__Aim of the exercise__: Count how many lines in the data hold the word "real", and give that number alone.

_ _ _ _

(* The modified multiplicative price update algorithm is a truthful mechanism without money and with verification for CAs with unknown $k$-minded bidders and goods of supply $b$; it outputs an allocation in which each good is allocated at most $b$ times, and its approximation ratio is $O(b\, m^{1/b})$.
   Context: Multi-unit combinatorial auction: a set $\mathsf U$ of $m$ goods, each with supply $b\ge1$; $n$ bidders. True type of bidder $i$: $t_i=(v_i,\mathcal S_i)$ with $\mathcal S_i$ a private collection of $k$ nonempty subsets of $\mathsf U$ and $v_i:\mathcal S_i\to\mathbb R_{\ge0}$ private, extended by $v_i(T)=\max\{v_i(S'):S'\in\mathcal S_i,S'\subseteq T\}$ ($0$ if none). Declarations $(w,\mathcal W)$ have the same form. Modified multiplicative price update algorithm on declarations $(w_i,\mathcal W_i)$: let $v^i_{\max}=\max_{S\in\mathcal W_i}w_i(S)$; let $j$ be the bidder with largest $v^j_{\max}$ (smallest index on ties); set $\mu=(1+\epsilon)v^j_{\max}$ for a fixed $0<\epsilon\ll1$, $p_0=\mu/(4bm)$, $r=(4bm)^{1/b}$, and initial prices $p_e=p_0$; process bidders in the order $j,1,2,\dots,j-1,j+1,\dots,n$; when processing bidder $i$, let $S_i$ maximize $w_i(S)$ over $S\in\mathcal W_i$ with $w_i(S)\ge\sum_{e\in S}p_e$ (current prices; $S_i=\emptyset$ if none), allocate $S_i$ to $i$, and multiply $p_e$ by $r$ for every $e\in S_i$. Verification: bidder $i$ with true type $t_i$ facing $\mathbf b_{-i}$ may declare $b_i=(z,\mathcal T)$ only if $z(A_i(b_i,\mathbf b_{-i}))\le v_i(A_i(b_i,\mathbf b_{-i}))$. Truthful without money and with verification: for all $i$, $\mathbf b_{-i}$, true types $t_i$ and declarations $b_i$ permitted by verification, $v_i(A_i(t_i,\mathbf b_{-i}))\ge v_i(A_i(b_i,\mathbf b_{-i}))$. Approximation ratio $\alpha$: on every truthful input, the social welfare $\sum_i v_i(A_i)$ is at least $\mathrm{OPT}/\alpha$, where $\mathrm{OPT}$ is the maximum social welfare over allocations assigning each good at most $b$ times. *)

theory Defs
  imports Complex_Main
begin

text \<open>A declaration (or true type) is a pair (w, W): a valuation on sets of goods
 (only its values on W are meaningful) and a collection W of demanded sets.\<close>
type_synonym 'g decl = "('g set \<Rightarrow> real) \<times> 'g set set"

definition valid_decl :: "'g set \<Rightarrow> nat \<Rightarrow> 'g decl \<Rightarrow> bool" where
  "valid_decl U k d \<longleftrightarrow> finite (snd d) \<and> card (snd d) = k \<and>
     (\<forall>S\<in>snd d. S \<noteq> {} \<and> S \<subseteq> U \<and> fst d S \<ge> 0)"

definition ext_val :: "'g decl \<Rightarrow> 'g set \<Rightarrow> real" where
  "ext_val d T = (if \<exists>S\<in>snd d. S \<subseteq> T
                  then Max {fst d S | S. S \<in> snd d \<and> S \<subseteq> T} else 0)"

definition vmax :: "'g decl \<Rightarrow> real" where
  "vmax d = (if snd d = {} then 0 else Max (fst d ` snd d))"

definition leader :: "nat \<Rightarrow> (nat \<Rightarrow> 'g decl) \<Rightarrow> nat" where
  "leader n d = (LEAST j. j < n \<and> (\<forall>i<n. vmax (d i) \<le> vmax (d j)))"

definition proc_order :: "nat \<Rightarrow> nat \<Rightarrow> nat list" where
  "proc_order n j = j # filter (\<lambda>i. i \<noteq> j) [0..<n]"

_ _ _ _

__Solution for this problem__: 3